White was asked about a conflict of interest because his wife works at BES. He responded by saying that he would recuse himself from any matters regarding teachers' salaries and issues that would affect his household

Maureen Fitzpatrick is an incumbent running for re-election on the school board. She was first elected to the board in 2002.

She wants to continue to give time to the community. Fitzpatrick wants to continue to deal with No Child Left Behind and help improve the test scores.

When asked about accelerated education, she said that is up to the teachers to address that and that they should come to the board for approval of new programs.

She is concerned with space issues at the school and thinks that the buildings and maintenance department at the school still needs a lot of work.

Brian White, who is also running for school board, was not in attendance at the meeting.

Francesca Latawiec is one of four candidates running for the open positions on the Barnstead Planning Board.

Latawiec served in the board in the past and feels now is the time to do really good planning.

She feels that the board should spend less time reviewing applications and more time planning.

Clarke Goodrich is an incumbent running for re-election on the planning board. He was appointed to the board in 2008 and was then elected in 2009.

Goodrich takes pride in rewriting regulations. He recalled spending hours working on developing rather simple driveway regulations.

He was questioned about the signage in town and why the planning board didn't support what the taxpayers voted on. He explained that there was only one meeting held and that it wasn't really explained. Goodrich thinks this is issue that should revisited in the future.

Kathy Preston is also running for election to the planning board. She feels that some members on the board have been very anti-business.

She feels that the planning board should help everyone who is trying to run a business work together with other departments, and the board should help facilitate and not hinder.

Preston supports bringing more businesses into town and pointed to a neighboring town, where 28 businesses are located outside of the downtown area.

She would love to see a theatre in town and talked about the possible development of a 55 plus community with shops located within.

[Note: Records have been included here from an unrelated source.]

(* Assume the setting in the context (in particular $l=1$). Fix $\Lambda$ a bounded Borel subset of $\mathbb R^d$ and $\alpha\in(0,1]$. Then $$r(x+\varepsilon y,\gamma)^\alpha\to r(x,\gamma)^\alpha\quad\text{in }L^2\big(\Gamma\times\Lambda\times\mathbb R^d,\ \mu(d\gamma)\,dx\,dy\,a(y)\big)\ \text{ as }\varepsilon\to0.$$
   Context: $X=\mathbb R^d$ with Lebesgue measure; $\Gamma$ is the set of locally finite subsets of $\mathbb R^d$ with the vague topology and Borel $\sigma$-algebra. $K$ is a bounded self-adjoint nonnegative operator on the real space $L^2(\mathbb R^d,dx)$, locally of trace class, whose square root $\sqrt K$ has integral kernel $\varkappa(x-y)$ with $\varkappa$ a function on $\mathbb R^d$ satisfying $\lim_{y\to0}\int_{\mathbb R^d}(\varkappa(x)-\varkappa(x+y))^2dx=0$; $k(x,y)=\int\varkappa(x-z)\varkappa(y-z)dz$. The function $a:\mathbb R^d\to[0,\infty)$ is bounded, measurable, integrable, compactly supported and radial ($a(x)=\tilde a(|x|)$). $Y$ is a measurable random field on $(\Omega,\mathcal A,\mathbb P)$ with $Y(x)$ centered Gaussian and $\mathbb E(Y(x)Y(y))=k(x,y)$; $\mu=\mu^{(1)}(d\gamma)=\int_\Omega\mathbb P(d\omega)\pi_{Y(x,\omega)^2dx}(d\gamma)$ is the Cox process ($\pi_{g\,dx}$ the Poisson point process with intensity $g(x)dx$), and $r(x,\gamma)=\widetilde{\mathbb E}(Y(x)^2\mid\mathcal F)(\gamma)$ is its Papangelou intensity, with $\widetilde{\mathbb P}(d\omega,d\gamma)=\mathbb P(d\omega)\pi_{Y(x,\omega)^2dx}(d\gamma)$ and $\mathcal F$ the $\sigma$-algebra generated by $(\omega,\gamma)\mapsto F(\gamma)$. *)

theory Defs
  imports "HOL-Probability.Probability"
begin

definition locfin :: "'a::euclidean_space set \<Rightarrow> bool" where
  "locfin \<gamma> \<longleftrightarrow> (\<forall>R::real. finite (\<gamma> \<inter> cball 0 R))"

text \<open>The configuration space Gamma with its Borel sigma-algebra (vague topology), which is
  generated by the counting maps gamma |-> card (gamma \<inter> B), B bounded Borel.\<close>
definition Gamma :: "'a::euclidean_space set measure" where
  "Gamma = sigma (Collect locfin)
     {{\<gamma>. locfin \<gamma> \<and> card (\<gamma> \<inter> B) = n} | B n. B \<in> sets lborel \<and> bounded B}"

text \<open>The operator sqrt K: f |-> (x |-> integral kappa(x - z) f(z) dz).\<close>
definition conv_op :: "('a::euclidean_space \<Rightarrow> real) \<Rightarrow> ('a \<Rightarrow> real) \<Rightarrow> 'a \<Rightarrow> real" where
  "conv_op \<kappa> f x = (LINT z|lborel. \<kappa> (x - z) * f z)"

definition sq_int :: "('a::euclidean_space \<Rightarrow> real) \<Rightarrow> bool" where
  "sq_int f \<longleftrightarrow> f \<in> borel_measurable lborel \<and> integrable lborel (\<lambda>x. (f x)\<^sup>2)"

William Evans, who is the current vice chairman on the board and is running for re-election, wasn't in attendance.

Randy Kelly is running for position of Road Agent. Kelly is the current maintenance manager at Locke Lake. He has a background in all kinds of equipment and worked at the New Hampshire Motor Speedway and has worked for FEMA.

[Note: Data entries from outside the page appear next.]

text \<open>No continuity of \<open>lam\<close> is assumed: \<open>has_derivative_inverse_strong\<close> obtains the
  continuity of the inverse of \<open>(p, l) \<mapsto> (p, \<Phi> (p, l))\<close> from invariance of domain.\<close>

lemma implicit_function_has_derivative:
  fixes \<Phi> :: "'a::euclidean_space \<times> 'b::{euclidean_space, real_normed_field} \<Rightarrow> 'b"
  assumes "open \<Omega>" "open V" and cont: "continuous_on (\<Omega> \<times> V) \<Phi>"
    and inj: "\<And>q. q \<in> \<Omega> \<Longrightarrow> inj_on (\<lambda>l. \<Phi> (q, l)) V"
    and lam_in: "\<And>q. q \<in> \<Omega> \<Longrightarrow> lam q \<in> V"
    and lam_zero: "\<And>q. q \<in> \<Omega> \<Longrightarrow> \<Phi> (q, lam q) = 0"
    and "p \<in> \<Omega>"
    and deriv: "(\<Phi> has_derivative (\<lambda>(h, k). A h + a * k)) (at (p, lam p))"
    and "a \<noteq> 0"
  shows "(lam has_derivative (\<lambda>h. - A h / a)) (at p)"
proof -
  define S where "S = \<Omega> \<times> V"
  define \<Psi> where "\<Psi> z = (fst z, \<Phi> z)" for z
  define g where "g = inv_into S \<Psi>"
  have "inj_on \<Psi> S"
    using inj by (fastforce simp: inj_on_def \<Psi>_def S_def)
  then have g\<Psi>: "g (\<Psi> z) = z" if "z \<in> S" for z
    using that by (simp add: g_def)
  have g_lam: "g (q, 0) = (q, lam q)" if "q \<in> \<Omega>" for q
    using g\<Psi>[of "(q, lam q)"] that lam_in lam_zero by (simp add: \<Psi>_def S_def)
  have "(\<Psi> has_derivative (\<lambda>(h, k). (h, A h + a * k))) (at (p, lam p))"
    unfolding \<Psi>_def
    by (rule has_derivative_eq_rhs[OF has_derivative_Pair[OF has_derivative_fst[OF has_derivative_ident] deriv]])
      (auto simp: fun_eq_iff)
  moreover have "(\<lambda>(h, k). (h, A h + a * k)) \<circ> (\<lambda>(h, k). (h, (k - A h) / a)) = id"
    using \<open>a \<noteq> 0\<close> by (auto simp: fun_eq_iff)
  moreover have "continuous_on S \<Psi>"
    unfolding \<Psi>_def S_def by (intro continuous_intros cont)
  moreover have "open S" "(p, lam p) \<in> S"
    using assms(1,2,7) lam_in by (auto simp: S_def open_Times)
  ultimately have "(g has_derivative (\<lambda>(h, k). (h, (k - A h) / a))) (at (\<Psi> (p, lam p)))"
    using g\<Psi> by (intro has_derivative_inverse_strong[of S "(p, lam p)" \<Psi> g])
  then have "(g has_derivative (\<lambda>(h, k). (h, (k - A h) / a))) (at (p, 0))"
    using lam_zero[OF \<open>p \<in> \<Omega>\<close>] by (simp add: \<Psi>_def)
  then have "((\<lambda>q. g (q, 0)) has_derivative (\<lambda>h. (h, - A h / a))) (at p)"
    using has_derivative_compose[OF has_derivative_Pair[OF has_derivative_ident has_derivative_const[of 0]]]
    by fastforce
  then have "((\<lambda>q. snd (g (q, 0))) has_derivative (\<lambda>h. - A h / a)) (at p)"
    using has_derivative_snd by fastforce
  then show ?thesis
    by (rule has_derivative_transform_within_open[OF _ \<open>open \<Omega>\<close> \<open>p \<in> \<Omega>\<close>])
      (simp add: g_lam)
qed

Kelly worked with a fleet of 38 vehicles while working for the speedway.

He thinks that there is a lot of drainage work to be done on the roads in the town. He currently doesn't have a CDL, but knows he would need to get one if elected to the position.

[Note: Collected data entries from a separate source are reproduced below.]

lemma refines_if_zero_one_product_in_D_unc:
  assumes "partition_on L \<pi>" "partition_on L \<sigma>" "finite L" "\<forall>i\<in>L. 1 < d i"
    and "tensor_over d L \<pi> zero_one_mixture \<in> D_unc d L \<sigma>"
  shows "refines \<pi> \<sigma>"
proof (rule ccontr)
  assume "\<not> refines \<pi> \<sigma>"
  then obtain X where "X \<in> \<pi>" and not_in_block: "\<forall>Y\<in>\<sigma>. \<not> X \<subseteq> Y"
    unfolding refines_def by blast
  have "X \<noteq> {}" "X \<subseteq> L"
    using \<open>X \<in> \<pi>\<close> partition_onD1[OF assms(1)] partition_onD3[OF assms(1)] by auto
  then obtain i where "i \<in> X" "i \<in> L"
    by blast
  then obtain Y where "Y \<in> \<sigma>" "i \<in> Y"
    using partition_onD1[OF assms(2)] by blast
  from assms(5) obtain \<tau> where \<tau>: "tensor_over d L \<pi> zero_one_mixture = tensor_over d L \<sigma> \<tau>"
    unfolding D_unc_def by blast
  let ?S = "ones ` Union ` Pow \<pi>"
  have diag: "tensor_over d L \<sigma> \<tau> f f \<noteq> 0 \<longleftrightarrow> f \<in> ?S" for f
    unfolding \<tau>[symmetric] tensor_over_zero_one_mixture[OF assms(1,3,4)] by (simp add: diag_op_def)
  have "ones (\<Union>{}) \<in> ?S" "ones (\<Union>\<pi>) \<in> ?S"
    by blast+
  then have "tensor_over d L \<sigma> \<tau> (ones {}) (ones {}) \<noteq> 0" "tensor_over d L \<sigma> \<tau> (ones L) (ones L) \<noteq> 0"
    using partition_onD1[OF assms(1)] diag by simp_all
  then have "tensor_over d L \<sigma> \<tau> (ones (\<Union>{Y})) (ones (\<Union>{Y})) \<noteq> 0"
    using \<open>Y \<in> \<sigma>\<close> by (intro tensor_over_diag_ones_Union_ne_0[OF assms(2,3,4)]) auto
  then obtain c where "c \<subseteq> \<pi>" "Y = \<Union>c"
    unfolding diag by (auto simp: ones_eq_iff)
  then have "Y \<inter> X = X \<or> Y \<inter> X = {}"
    using Union_Int_block[OF assms(1) _ \<open>X \<in> \<pi>\<close>] by metis
  then show False
    using \<open>i \<in> X\<close> \<open>i \<in> Y\<close> \<open>Y \<in> \<sigma>\<close> not_in_block by blast
qed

Kelly was asked about his computer skills and feels that he has adequate computer skills. He was also asked about how to deal with trucks that are starting to break down.

"When you start to spend more money than a piece of equipment gives back, it's time to get rid of it," Kelly said.

Christopher Carazzo is the incumbent Road Agent and has been in the position since 2008. During his time he has seen a tornado and three floods.

He maintains 80 miles of road, which translates into 160 miles of ditch. He said that his department has come in under budget in each of the last three years.

Carazzo feels that the town needs to start putting more money into the dirt roads. He was asked about subcontracting for road maintenance and explained that it wouldn't save the town a lot of money. Carazzo also talked about his accomplishment of being a Master Road Scholar at UNH. This has helped him with projects throughout town in the past.

Carazzo was asked if he thought his position should be hired, rather than elected.

He responded by saying he wouldn't want to be appointed to this position, but that the board of selectmen would have to make that change.

Vernon "Chris" Hipkiss pointed out to the citizens in attendance that he didn't file on time to run for reelection as school moderator. He asked for a write-in vote for the position.